I have a fairy ring of fungi (Marasmius oreades) on my lawn, I had tried to kill them in the past but now I just leave it alone and enjoy it, hoping one day the fairies might actually visit.

Mushrooms or toadstools are two names for the fleshy, spore-bearing fruiting bodies that certain fungi produce. Here are some of the commonest and most distinctive mushrooms that you may come across.

Some of these are deadly poisonous — don’t use these descriptions to identify them for cooking. Never eat fungi unless you are entirely sure of its identity.

Fly agaric, (Amanita muscaria) is our most distinctive and familiar toadstool, with a brilliant red or orange cap covered with white, wart-like spots. 

Underneath the cap, the gills are white. The white stem has a floppy ring and a bulbous base surrounded by fleecy bands. 

Up to eight inches (20cm) across and a foot (30cm) tall, it grows on light soils in mixed woodland and heaths among birch, pine and spruce from the late summer to the first frosts of winter.

The common inkcap, (Coprinopsis atramentaria) has been known to push its way through asphalt and lift the corners of paving slabs. 

It has a fawn-grey conical cap that’s grooved and often split at the edges the stem is white and hollow. It grows up to six inches (17cm) tall in spring to early winter after rain.

The scarlet elf cup (Sarcoscypha coccinea) is also known as fairies’ baths. Like tiny cups or saucers less than two inches (4cm) across. The upper surface is brilliant red, fading with age to orange. 

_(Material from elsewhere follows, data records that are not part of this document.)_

(* If $G$ is a split graph, then $\gamma_{\rm i}(G)=\alpha(G)$.
   Context: A graph is split if its vertex set can be partitioned into a clique and an independent set. $\alpha(G)$ is the independence number. Indicated domination game on $G$: two players, Dominator and Staller, alternate. In each round Dominator indicates a vertex $v$ not yet dominated by the vertices previously selected by Staller (a vertex dominates itself and its neighbors), and Staller must select a vertex of the closed neighborhood $N[v]$, adding it to a set $D$. The game ends when $D$ is a dominating set of $G$. Dominator wants to minimize $|D|$ and Staller to maximize it; the size of $D$ under optimal play of both is the indicated domination number $\gamma_{\rm i}(G)$. *)

theory Defs
  imports Main
begin

definition simple_graph :: "'a set \<Rightarrow> ('a \<Rightarrow> 'a \<Rightarrow> bool) \<Rightarrow> bool" where
  "simple_graph V E \<longleftrightarrow> finite V \<and> (\<forall>x y. E x y \<longrightarrow> x \<in> V \<and> y \<in> V)
     \<and> (\<forall>x y. E x y \<longrightarrow> E y x) \<and> (\<forall>x. \<not> E x x)"

definition is_clique :: "('a \<Rightarrow> 'a \<Rightarrow> bool) \<Rightarrow> 'a set \<Rightarrow> bool" where
  "is_clique E K \<longleftrightarrow> (\<forall>x\<in>K. \<forall>y\<in>K. x \<noteq> y \<longrightarrow> E x y)"

definition is_independent :: "('a \<Rightarrow> 'a \<Rightarrow> bool) \<Rightarrow> 'a set \<Rightarrow> bool" where
  "is_independent E S \<longleftrightarrow> (\<forall>x\<in>S. \<forall>y\<in>S. \<not> E x y)"

definition split_graph :: "'a set \<Rightarrow> ('a \<Rightarrow> 'a \<Rightarrow> bool) \<Rightarrow> bool" where
  "split_graph V E \<longleftrightarrow> (\<exists>K I. K \<union> I = V \<and> K \<inter> I = {} \<and> is_clique E K \<and> is_independent E I)"

definition independence_number :: "'a set \<Rightarrow> ('a \<Rightarrow> 'a \<Rightarrow> bool) \<Rightarrow> nat" where
  "independence_number V E = Max {card S | S. S \<subseteq> V \<and> is_independent E S}"

definition closed_nbhd :: "'a set \<Rightarrow> ('a \<Rightarrow> 'a \<Rightarrow> bool) \<Rightarrow> 'a \<Rightarrow> 'a set" where
  "closed_nbhd V E v = {u \<in> V. u = v \<or> E v u}"

definition dominated_by :: "('a \<Rightarrow> 'a \<Rightarrow> bool) \<Rightarrow> 'a set \<Rightarrow> 'a \<Rightarrow> bool" where
  "dominated_by E D x \<longleftrightarrow> x \<in> D \<or> (\<exists>d\<in>D. E d x)"

definition dominating :: "'a set \<Rightarrow> ('a \<Rightarrow> 'a \<Rightarrow> bool) \<Rightarrow> 'a set \<Rightarrow> bool" where
  "dominating V E D \<longleftrightarrow> (\<forall>x\<in>V. dominated_by E D x)"

text \<open>Indicated domination game. \<open>dom_wins V E D k\<close>: from the position in which
Staller has selected the set D, Dominator has a strategy guaranteeing that the game
ends with at most k further selections, whatever Staller does.\<close>
inductive dom_wins :: "'a set \<Rightarrow> ('a \<Rightarrow> 'a \<Rightarrow> bool) \<Rightarrow> 'a set \<Rightarrow> nat \<Rightarrow> bool"
  for V E where
  finished: "dominating V E D \<Longrightarrow> dom_wins V E D k"
| indicate: "\<lbrakk>\<not> dominating V E D; v \<in> V; \<not> dominated_by E D v;
     \<forall>u\<in>closed_nbhd V E v. dom_wins V E (insert u D) k\<rbrakk>
     \<Longrightarrow> dom_wins V E D (Suc k)"

text \<open>The indicated domination number: the size of D under optimal play, i.e. the
least number of selections Dominator can guarantee from the start of the game.
(The selected vertices are always new, so the number of selections equals |D|.)\<close>
definition indicated_domination_number :: "'a set \<Rightarrow> ('a \<Rightarrow> 'a \<Rightarrow> bool) \<Rightarrow> nat" where
  "indicated_domination_number V E = (LEAST k. dom_wins V E {} k)"

end

theory Submission
  imports Defs
begin

text \<open>Fix a split partition \<open>(K, I)\<close> in which every clique vertex has a neighbour in \<open>I\<close>;
one is obtained from any split partition by moving a clique vertex without neighbours in \<open>I\<close>
over to \<open>I\<close>. An independent set then contains at most one clique vertex \<open>k\<close>, and only
together with vertices of \<open>I\<close> other than a neighbour of \<open>k\<close>, so \<open>\<alpha>(G) = |I|\<close>.
Dominator achieves \<open>|I|\<close> by always indicating an undominated vertex of \<open>I\<close>: once all of \<open>I\<close>
is dominated, either some clique vertex was chosen or \<open>I\<close> itself was, and both dominate \<open>K\<close>.
Staller achieves \<open>|I|\<close> by always choosing a vertex of \<open>I\<close>, which every closed neighbourhood
contains; since \<open>I\<close> is independent, each choice dominates only one new vertex of \<open>I\<close>.\<close>

definition split_partition :: "'a set \<Rightarrow> ('a \<Rightarrow> 'a \<Rightarrow> bool) \<Rightarrow> 'a set \<Rightarrow> 'a set \<Rightarrow> bool" where
  "split_partition V E K I \<longleftrightarrow>
     K \<union> I = V \<and> K \<inter> I = {} \<and> is_clique E K \<and> is_independent E I"

definition undominated :: "('a \<Rightarrow> 'a \<Rightarrow> bool) \<Rightarrow> 'a set \<Rightarrow> 'a set \<Rightarrow> 'a set" where
  "undominated E D S = {x \<in> S. \<not> dominated_by E D x}"

lemma simple_graph_finite: "simple_graph V E \<Longrightarrow> finite V"
  by (simp add: simple_graph_def)

lemma simple_graph_sym: "simple_graph V E \<Longrightarrow> E x y \<Longrightarrow> E y x"
  by (simp add: simple_graph_def)

lemma simple_graph_irrefl: "simple_graph V E \<Longrightarrow> \<not> E x x"
  by (simp add: simple_graph_def)

lemma simple_graph_edge_in_vertices: "simple_graph V E \<Longrightarrow> E x y \<Longrightarrow> x \<in> V"
  by (simp add: simple_graph_def)

lemma split_graph_iff_split_partition: "split_graph V E \<longleftrightarrow> (\<exists>K I. split_partition V E K I)"
  by (simp add: split_graph_def split_partition_def)

lemma split_partition_finite_independent:
  "simple_graph V E \<Longrightarrow> split_partition V E K I \<Longrightarrow> finite I"
  by (metis simple_graph_finite split_partition_def finite_Un)

lemma undominated_empty [simp]: "undominated E {} S = S"
  by (simp add: undominated_def dominated_by_def)

lemma finite_undominated: "finite S \<Longrightarrow> finite (undominated E D S)"
  by (simp add: undominated_def)

lemma split_partition_with_clique_dominated:
  assumes G: "simple_graph V E" and "split_graph V E"
  obtains K I where "split_partition V E K I" and "\<forall>k\<in>K. \<exists>x\<in>I. E k x"
proof -
  obtain K I where KI: "split_partition V E K I"
    using \<open>split_graph V E\<close> split_graph_iff_split_partition by blast
  show thesis
  proof (cases "\<forall>k\<in>K. \<exists>x\<in>I. E k x")
    case True
    with KI that show thesis by blast
  next
    case False
    then obtain k where k: "k \<in> K" "\<forall>x\<in>I. \<not> E k x" by blast
    have "split_partition V E (K - {k}) (insert k I)"
      using KI k simple_graph_sym[OF G] simple_graph_irrefl[OF G]
      unfolding split_partition_def is_clique_def is_independent_def by (auto 4 3)
    moreover have "\<forall>k'\<in>K - {k}. \<exists>x\<in>insert k I. E k' x"
      using KI k unfolding split_partition_def is_clique_def by blast
    ultimately show thesis by (rule that)
  qed
qed

lemma card_independent_le:
  assumes G: "simple_graph V E" and KI: "split_partition V E K I"
    and nbr: "\<forall>k\<in>K. \<exists>x\<in>I. E k x"
    and S: "S \<subseteq> V" "is_independent E S"
  shows "card S \<le> card I"
proof (cases "S \<inter> K = {}")
  case True
  then have "S \<subseteq> I" using S KI unfolding split_partition_def by blast
  then show ?thesis using split_partition_finite_independent[OF G KI] by (rule card_mono[rotated])
next
  case False
  then obtain k where k: "k \<in> S" "k \<in> K" by blast
  then obtain x where x: "x \<in> I" "E k x" using nbr by blast
  have finI: "finite I" using split_partition_finite_independent[OF G KI] .
  \<comment> \<open>The other members of \<open>S\<close> are non-neighbours of \<open>k\<close>, hence lie in \<open>I\<close> and differ from \<open>x\<close>.\<close>
  have "S \<subseteq> insert k (I - {x})"
    using S k x KI unfolding split_partition_def is_clique_def is_independent_def by blast
  then have "card S \<le> card (insert k (I - {x}))"
    using finI by (intro card_mono) auto
  also have "\<dots> = card I"
  proof -
    have "k \<notin> I - {x}" using k(2) KI unfolding split_partition_def by blast
    then have "card (insert k (I - {x})) = Suc (card (I - {x}))" using finI by simp
    also have "\<dots> = card I" using x(1) finI by (rule card_Suc_Diff1[rotated])
    finally show ?thesis .
  qed
  finally show ?thesis .
qed

lemma independence_number_eq_card:
  assumes G: "simple_graph V E" and KI: "split_partition V E K I"
    and nbr: "\<forall>k\<in>K. \<exists>x\<in>I. E k x"
  shows "independence_number V E = card I"
  unfolding independence_number_def
proof (rule Max_eqI)
  show "finite {card S |S. S \<subseteq> V \<and> is_independent E S}"
    using simple_graph_finite[OF G] by simp
  show "card I \<in> {card S |S. S \<subseteq> V \<and> is_independent E S}"
    using KI unfolding split_partition_def by auto
qed (use card_independent_le[OF G KI nbr] in blast)

lemma undominated_empty_imp_dominating:
  assumes G: "simple_graph V E" and KI: "split_partition V E K I"
    and nbr: "\<forall>k\<in>K. \<exists>x\<in>I. E k x"
    and "undominated E D I = {}"
  shows "dominating V E D"
proof -
  have I_dom: "dominated_by E D x" if "x \<in> I" for x
    using assms(4) that unfolding undominated_def by blast
  have "dominated_by E D y" if y: "y \<in> K" for y
  proof (cases "D \<inter> K = {}")
    case True
    obtain x where x: "x \<in> I" "E y x" using nbr y by blast
    \<comment> \<open>\<open>x\<close> cannot be dominated from \<open>I\<close> (independence) nor from \<open>K\<close> (disjoint from \<open>D\<close>).\<close>
    have "x \<in> D"
      using I_dom[OF x(1)] True x(1) KI simple_graph_edge_in_vertices[OF G]
      unfolding dominated_by_def split_partition_def is_independent_def by blast
    then show ?thesis using x(2) simple_graph_sym[OF G] unfolding dominated_by_def by blast
  next
    case False
    then obtain d where d: "d \<in> D" "d \<in> K" by blast
    then have "y = d \<or> E d y" using y KI unfolding split_partition_def is_clique_def by metis
    then show ?thesis using d(1) unfolding dominated_by_def by blast
  qed
  then show ?thesis
    using I_dom KI unfolding dominating_def split_partition_def by blast
qed

lemma dom_wins_if_card_undominated_le:
  assumes G: "simple_graph V E" and KI: "split_partition V E K I"
    and nbr: "\<forall>k\<in>K. \<exists>x\<in>I. E k x"
  shows "card (undominated E D I) \<le> n \<Longrightarrow> dom_wins V E D n"
proof (induction n arbitrary: D)
  have finI: "finite I" using split_partition_finite_independent[OF G KI] .
  {
    case 0
    then have "undominated E D I = {}" using finite_undominated[OF finI] by simp
    then show ?case by (intro dom_wins.finished undominated_empty_imp_dominating[OF G KI nbr])
  next
    case (Suc n)
    show ?case
    proof (cases "dominating V E D")
      case True
      then show ?thesis by (rule dom_wins.finished)
    next
      case False
      then obtain x where x: "x \<in> undominated E D I"
        using undominated_empty_imp_dominating[OF G KI nbr] by blast
      show ?thesis
      proof (rule dom_wins.indicate[OF False])
        show "x \<in> V" using x KI unfolding undominated_def split_partition_def by blast
        show "\<not> dominated_by E D x" using x unfolding undominated_def by blast
        show "\<forall>u\<in>closed_nbhd V E x. dom_wins V E (insert u D) n"
        proof
          fix u assume u: "u \<in> closed_nbhd V E x"
          have "undominated E (insert u D) I \<subseteq> undominated E D I - {x}"
            using u simple_graph_sym[OF G]
            unfolding undominated_def closed_nbhd_def dominated_by_def by auto
          then have "card (undominated E (insert u D) I) \<le> card (undominated E D I - {x})"
            using finite_undominated[OF finI] by (intro card_mono) auto
          also have "\<dots> \<le> n" using x Suc.prems by (simp add: card_Diff_singleton)
          finally show "dom_wins V E (insert u D) n" by (rule Suc.IH)
        qed
      qed
    qed
  }
qed

lemma card_undominated_le_if_dom_wins:
  assumes "finite I" and "I \<subseteq> V" and "is_independent E I"
    and meets: "\<forall>v\<in>V. closed_nbhd V E v \<inter> I \<noteq> {}"
  shows "dom_wins V E D k \<Longrightarrow> card (undominated E D I) \<le> k"
proof (induction rule: dom_wins.induct)
  case (finished D k)
  then have "undominated E D I = {}"
    using \<open>I \<subseteq> V\<close> unfolding undominated_def dominating_def by blast
  then show ?case by simp
next
  case (indicate D v k)
  obtain u where u: "u \<in> closed_nbhd V E v" "u \<in> I" using meets indicate.hyps(2) by blast
  have "card (undominated E D I) \<le> card (undominated E D I - {u}) + 1"
    by (auto simp: card_Diff_singleton_if)
  also have "card (undominated E D I - {u}) \<le> card (undominated E (insert u D) I)"
    using u(2) \<open>finite I\<close> \<open>is_independent E I\<close>
    by (intro card_mono) (auto simp: undominated_def dominated_by_def is_independent_def)
  also have "\<dots> \<le> k" using indicate.IH u(1) by blast
  finally show ?case by simp
qed

lemma closed_nbhd_meets_independent_side:
  assumes G: "simple_graph V E" and KI: "split_partition V E K I"
    and nbr: "\<forall>k\<in>K. \<exists>x\<in>I. E k x" and "v \<in> V"
  shows "closed_nbhd V E v \<inter> I \<noteq> {}"
  using assms simple_graph_edge_in_vertices[OF G] simple_graph_sym[OF G]
  unfolding split_partition_def closed_nbhd_def by blast

lemma indicated_domination_number_eq_card:
  assumes G: "simple_graph V E" and KI: "split_partition V E K I"
    and nbr: "\<forall>k\<in>K. \<exists>x\<in>I. E k x"
  shows "indicated_domination_number V E = card I"
  unfolding indicated_domination_number_def
proof (rule Least_equality)
  show "dom_wins V E {} (card I)"
    using dom_wins_if_card_undominated_le[OF G KI nbr, of "{}"] by simp
next
  fix k assume "dom_wins V E {} k"
  moreover have "I \<subseteq> V" "is_independent E I"
    using KI unfolding split_partition_def by auto
  moreover note split_partition_finite_independent[OF G KI]
    closed_nbhd_meets_independent_side[OF G KI nbr]
  ultimately have "card (undominated E {} I) \<le> k"
    by (intro card_undominated_le_if_dom_wins) auto
  then show "card I \<le> k" by simp
qed

theorem proposition5p1:
  fixes V :: "'a set" and E :: "'a \<Rightarrow> 'a \<Rightarrow> bool"
  assumes "simple_graph V E" and "split_graph V E"
  shows "indicated_domination_number V E = independence_number V E"
proof -
  obtain K I where "split_partition V E K I" and "\<forall>k\<in>K. \<exists>x\<in>I. E k x"
    using split_partition_with_clique_dominated[OF assms] .
  then have "indicated_domination_number V E = card I" and "independence_number V E = card I"
    using assms(1) indicated_domination_number_eq_card independence_number_eq_card by blast+
  then show ?thesis by simp
qed

end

Scarlet elf cup make a tiny sound when they puff out their spores. They grow on the wetter west side of Britain in early winter to early spring.

Now to the wonderfully named stinkhorn (Phallus impudicus). That Latin name tells you this looks a lot like a human penis. It is recognisable by its foul odour (the fungus not the human thing). 

The stinkhorn’s smell attracts flies that transport its spores. They can grow 10 inches (25cm) tall. 

The pretty shaggy parasol (Chlorophyllum rhacodes) starts with an egg-shaped and chestnut-brown cap which then opens flat and the outer skin breaks up into shaggy brown scales on a cream background. 

It smells sweetly aromatic and grows eight inches (20cm) tall and six inches (15cm) across. 

I can’t finish this review of British fungi without mentioning magic mushrooms — hallucinogenic fungi that grow wild, sometimes in huge numbers. 

The main types used recreationally are the small and potent liberty cap (Psilocybe semilanceata) and fly agaric. 

The Lapps, who live north of the Arctic Circle, use fly agaric. In order to consume the drug content harmlessly they feed the mushrooms to their reindeer and then drink the animal’s pee.  

Remember fungi are a huge and fascinating kingdom with over 15,000 species in the UK alone. 

Many are microscopically small, but some of the largest organisms on Earth are fungi. An Armillaria ostoyae is the largest known living organism in the world. 

One single specimen in Oregon, United States, consists of miles and miles of underground thread-like roots — called continuous mycelium — growing under the forest and covering nearly four square miles, 2,400 acres (11 square km). The entire plant weighs about 35,000 tons (36,000,000kg). 

In autumn it produces unremarkable mushrooms as surface fruits. Locals know it as the humongous fungus. 

Let’s all try to look after our fungi big or tiny, delicious or fatally poisonous and why not drink their health in reindeer pee?